Environmental sensitivities have played a key role here ever since oil was discovered in Prudhoe Bay on Dec. 26, 1967. For hundreds of miles, the faintly green and brown tundra, soggy during the summer, stretches out along the treeless coast, dotted with small lakes and ponds. Until the oil industry arrived, the main inhabitants here were caribou and polar bears. After the oil shock of 1973, development moved ahead and oil was flowing through the Trans-Alaska Pipeline System (TAPS) by 1977. Ever since, Prudhoe Bay has been a centerpiece of U.S. production. It has produced 11.7 billion barrels of oil and it probably has another 2 billion left, BP says.
Now regulators and environmentalists are asking whether BP has been negligent about maintenance of the 30-year-old transit pipelines that snake their way through the flat landscape, connecting the gathering lines from the wells to the bigger TAPS line. Some petroleum engineers say that while BP says it has been "surprised" by the extent of corrosion it has discovered since a leak was found on March 2 this year, it should have come as no surprise.
Corrosion is a constant problem for oil pipelines. The combination of oil, gas, carbon dioxide and water can form carbonic acid that eats away steel pipe. In a field like Prudhoe Bay, corrosion is more likely because BP is pumping water from the Beaufort Sea into the wells to help push out the oil as pressure in the aging field declines. Now the wells are producing 1.3 million barrels per day of water, along with 400,000 barrels of oil.
BP had planned to spend $72 million this year to fight corrosion in Prudhoe Bay, up 80 percent from 2001. Copeland said, however, that the "vast majority" of the funds are spent on the 1,500 miles of smaller infield lines that carry oil from the well to processing plants. "That's where we expect to have the highest chance of corrosion," he said. Occasional leaks have occurred in those smaller lines, he said. The transit lines were thought to be lower risk because the oil passes first through processing plants to remove virtually all water and sediments.
But that is not enough to keep the lines clean. The eastern Prudhoe Bay transit line had collected so much sediment by 1992 that Atlantic Richfield Co., which was then operating the line, could not get a maintenance pig through to clean out the pipe. Even though BP bought Arco in 1999, it never ran a smart pig through to clean or collect data. This week, three of the pigs stood on a flatbed pickup truck, looking like overgrown bullets between knee and waist high. They had bright yellow plastic heads and bases and either steel brushes or magnetic sensors in between. True to their name, the pigs chew up sludge and the brushes make squealing noises as they work their way through the line.
It remains a mystery why BP did not run a pig through the pipelines. Even though the buildup of sludge was an obstacle, BP has cleared out the eastern line enough in just two weeks to run a smart pig through it. All company officials like Copeland could say as they stood looking out over the web of steel was that they wish they had.
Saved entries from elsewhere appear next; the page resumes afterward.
lemma jordan_subspace_span_krylov:
  assumes k: "1 \<le> k" and top: "(shifted A lam ^^ (k - 1)) y \<noteq> 0"
    and bottom: "(shifted A lam ^^ k) y = 0"
  shows "jordan_subspace A lam (vec.span (krylov (shifted A lam) y k))"
proof -
  let ?B = "shifted A lam"
  define xs where "xs = map (\<lambda>m. (?B ^^ (k - 1 - m)) y) [0..<k]"
  have xs_nth: "xs ! m = (?B ^^ (k - 1 - m)) y" if "m < k" for m
    using that unfolding xs_def by simp
  have "(\<lambda>m. k - 1 - m) ` {..<k} = {..<k}"
  proof (intro equalityI subsetI)
    fix t assume "t \<in> {..<k}"
    then have "t = k - 1 - (k - 1 - t)" "k - 1 - t \<in> {..<k}" by auto
    then show "t \<in> (\<lambda>m. k - 1 - m) ` {..<k}" by blast
  qed auto
  moreover have "set xs = (\<lambda>t. (?B ^^ t) y) ` (\<lambda>m. k - 1 - m) ` {..<k}"
    unfolding xs_def by (simp add: image_image lessThan_atLeast0)
  ultimately have "set xs = krylov ?B y k"
    unfolding krylov_def by simp
  moreover have "jordan_chain A lam xs"
    unfolding jordan_chain_def
  proof (intro conjI allI impI ballI)
    show "xs \<noteq> []" using k unfolding xs_def by simp
    have "(?B ^^ t) y \<noteq> 0" if "t < k" for t
    proof
      assume "(?B ^^ t) y = 0"
      from iterate_vanish_mono[OF linear_shifted this, of "k - 1"] that
      have "(?B ^^ (k - 1)) y = 0" by simp
      with top show False by simp
    qed
    then show "v \<noteq> 0" if "v \<in> set xs" for v using that unfolding xs_def by auto
    have "?B ((?B ^^ (k - 1)) y) = (?B ^^ Suc (k - 1)) y" by simp
    then show "?B (xs ! 0) = 0" using k bottom xs_nth[of 0] by simp
    fix i assume "0 < i \<and> i < length xs"
    then have i: "0 < i" "i < k" unfolding xs_def by auto
    have "?B (xs ! i) = (?B ^^ Suc (k - 1 - i)) y" using i xs_nth by simp
    also have "Suc (k - 1 - i) = k - 1 - (i - 1)" using i by auto
    also have "(?B ^^ (k - 1 - (i - 1))) y = xs ! (i - 1)" using i xs_nth by simp
    finally show "?B (xs ! i) = xs ! (i - 1)" .
  qed
  ultimately show ?thesis unfolding jordan_subspace_def by metis
qed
In addition to the suspended output, strong world demand for steel has driven up the cost of pipe. And replacing large portions of the pipeline would take months. Prudhoe Bay on the Beaufort Sea lies 250 miles north of the Arctic Circle. The new pipe will be smaller because Prudhoe Bay production is declining. Deadhorse is more a collection of steel huts and warehouses than a town, more like northern New Jersey's industrial zone than the frontier. It's where people come to work hard enough to leave. Few tourists visit; there are vacancies at the Arctic Caribou Inn.
Just outside the BP operating base, a pickup truck that had been partly crushed in a collision is perched on a platform. In front of it is a sign that reads: "A moment of distraction can lead to an accident." In the case of the BP pipelines, it took many moments, but the result was the same.